Based on the foregoing, the Court concludes that no basis for entry of default judgment exists because the complaint does not allege facts sufficient to establish that § 523(a)(2)(C) is applicable and because *365 it lacks specific factual allegations from which a finding of actual, subjective fraudulent intent to establish actual fraud under § 523(a)(2)(A) could be inferred.[3] The Plaintiff may amend its complaint to address the deficiencies within 30 days after entry of this Order. The Plaintiff shall serve any amendment on the Debtor and the Debtor's counsel in accordance with FED. R. BANKR.P. 7004. The Debtor shall have 30 days after service to file responsive pleadings. If no response is timely filed to an amended complaint, the Plaintiff may file a second motion for default judgment.

Alternatively, if the Plaintiff declines to amend the complaint and elects to stand on its complaint as filed, the Court will schedule a hearing at which the Plaintiff may introduce evidence to establish a claim for nondischargeability under § 523(a)(2)(A) on the basis of the Debtor's actual fraud.

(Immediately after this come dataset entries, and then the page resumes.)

definition vec_angle :: "'a::euclidean_space \<Rightarrow> 'a \<Rightarrow> real" where
  "vec_angle u v = arccos ((u \<bullet> v) / (norm u * norm v))"

definition kappa_d2 :: "'a::euclidean_space \<Rightarrow> 'a \<Rightarrow> 'a \<Rightarrow> real" where
  "kappa_d2 x y z = vec_angle (y - x) (z - y) / ((norm (x - y) + norm (z - y)) / 2)"

definition maxCurv2 :: "(nat \<Rightarrow> 'a::euclidean_space) \<Rightarrow> nat \<Rightarrow> real" where
  "maxCurv2 y n = (if n < 2 then 0
     else Max ((\<lambda>k. kappa_d2 (y (k - 1)) (y k) (y (k + 1))) ` {1..n - 1}))"

definition arclength_polygon :: "(real \<Rightarrow> 'a::euclidean_space) \<Rightarrow> (nat \<Rightarrow> real) \<Rightarrow> nat \<Rightarrow> real \<Rightarrow> bool" where
  "arclength_polygon p a n L \<longleftrightarrow>
     a 0 = 0 \<and> a n = L \<and> (\<forall>k<n. a k < a (Suc k)) \<and>
     (\<forall>k<n. norm (p (a (Suc k)) - p (a k)) = a (Suc k) - a k) \<and>
     (\<forall>k<n. \<forall>t\<in>{a k..a (Suc k)}.
        p t = p (a k) + ((t - a k) / (a (Suc k) - a k)) *\<^sub>R (p (a (Suc k)) - p (a k)))"

definition circle_arc_param :: "real \<Rightarrow> (real \<Rightarrow> 'a::euclidean_space) \<Rightarrow> bool" where
  "circle_arc_param K \<eta> \<longleftrightarrow> (\<exists>c u v. u \<bullet> u = 1 \<and> v \<bullet> v = 1 \<and> u \<bullet> v = 0 \<and>
     (\<forall>s. \<eta> s = c + (1 / K) *\<^sub>R (cos (K * s) *\<^sub>R u + sin (K * s) *\<^sub>R v)))"

end

theory Submission
  imports Defs
begin

text \<open>Let \<open>t\<^sub>k\<close> be the unit direction of the \<open>k\<close>-th edge and \<open>s\<^sub>k\<close> the arc length at its
  midpoint. The curvature bound says that consecutive directions turn by at most
  \<open>K (s\<^sub>k\<^sub>+\<^sub>1 - s\<^sub>k)\<close>, so by the triangle inequality for angles between unit vectors there is a
  unit vector \<open>m\<close>, the direction ``at arc length \<open>L/2\<close>'', with \<open>\<angle>(t\<^sub>k, m) \<le> K \<bar>s\<^sub>k - L/2\<bar> \<le> \<pi>/2\<close>.
  Projecting onto \<open>m\<close> gives
  \<open>(p L - p 0) \<bullet> m \<ge> \<Sum>\<^sub>k l\<^sub>k cos (K (s\<^sub>k - L/2)) > \<integral>\<^sub>0\<^sup>L cos (K (s - L/2)) ds = 2 sin (KL/2) / K\<close>,
  where the strict inequality is the midpoint rule for the concave function \<open>cos\<close>
  (\<open>sin (z + h) - sin (z - h) = 2 sin h cos z < 2 h cos z\<close>), and \<open>2 sin (KL/2) / K\<close> is the
  length of the chord of a circle arc of curvature \<open>K\<close> and length \<open>L\<close>.\<close>

lemma lift_Suc_less_le_ivl:
  fixes a :: "nat \<Rightarrow> 'b::order"
  assumes "\<And>k. k < n \<Longrightarrow> a k < a (Suc k)" "i \<le> j" "j \<le> n"
  shows "a i \<le> a j"
  using lift_Suc_mono_le_ivl[of "{..<n}" a i j] assms by force

lemma sin_less_self:
  fixes x :: real
  assumes "0 < x"
  shows "sin x < x"
proof (cases "x \<le> pi")
  case True
  have "0 < sin (x / 2)" using assms True by (intro sin_gt_zero) auto
  moreover have "cos (x / 2) < 1" using cos_monotone_0_pi[of 0 "x / 2"] assms True by auto
  ultimately have "sin x < 2 * sin (x / 2)" using sin_double[of "x / 2"] by simp
  also have "\<dots> \<le> x" using sin_x_le_x[of "x / 2"] assms by simp
  finally show ?thesis .
next
  case False
  then show ?thesis using sin_le_one[of x] pi_gt3 by linarith
qed

lemma abs_inner_div_norms_le_1:
  fixes u v :: "'a::real_inner"
  shows "\<bar>(u \<bullet> v) / (norm u * norm v)\<bar> \<le> 1"
  using Cauchy_Schwarz_ineq2[of u v]
  by (cases "norm u * norm v = 0") (auto simp: abs_div divide_le_eq_1)

lemma vec_angle_bounds: "0 \<le> vec_angle u v" "vec_angle u v \<le> pi"
  using arccos_bounded abs_inner_div_norms_le_1[of u v]
  unfolding vec_angle_def abs_le_iff by auto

The Plaintiff shall advise the Court of such election by filing a request for a hearing within 30 days after entry of this Order.

If the Plaintiff does not timely amend the complaint or request a hearing on the actual fraud theory, the Court will enter an order and judgment dismissing the complaint. Accordingly, it is

ORDERED that the Plaintiff's motion for default judgment is DENIED and that the Plaintiff proceed as set forth above; and it is

FURTHER ORDERED that, if the Plaintiff fails to amend and serve its complaint or to request a hearing as set forth above within 30 days from entry of this Order, the Court will enter an order and judgment dismissing the complaint.

NOTES

[1] This adversary proceeding is a core proceeding pursuant to 28 U.S.C. § 157(b)(2)(I) over which this Court has jurisdiction pursuant to 28 U.S.C. § 1334.

[2] Disclosure of Compensation of Attorney for Debtor, Doc. 1, filed in Case 09-40761-PWB.

[3] The Plaintiff's complaint also asserts that the debt is nondischargeable under § 523(a)(6), though the Plaintiff has not sought default judgment on this basis. (Complaint, ¶ 10). Section 523(a)(6) provides that a discharge under section 727 of Title 11 does not discharge an individual debtor from any debt "for willful and malicious injury by the debtor to another entity or to the property of another entity." The complaint asserts no facts whatsoever to support a claim for relief under § 523(a)(6).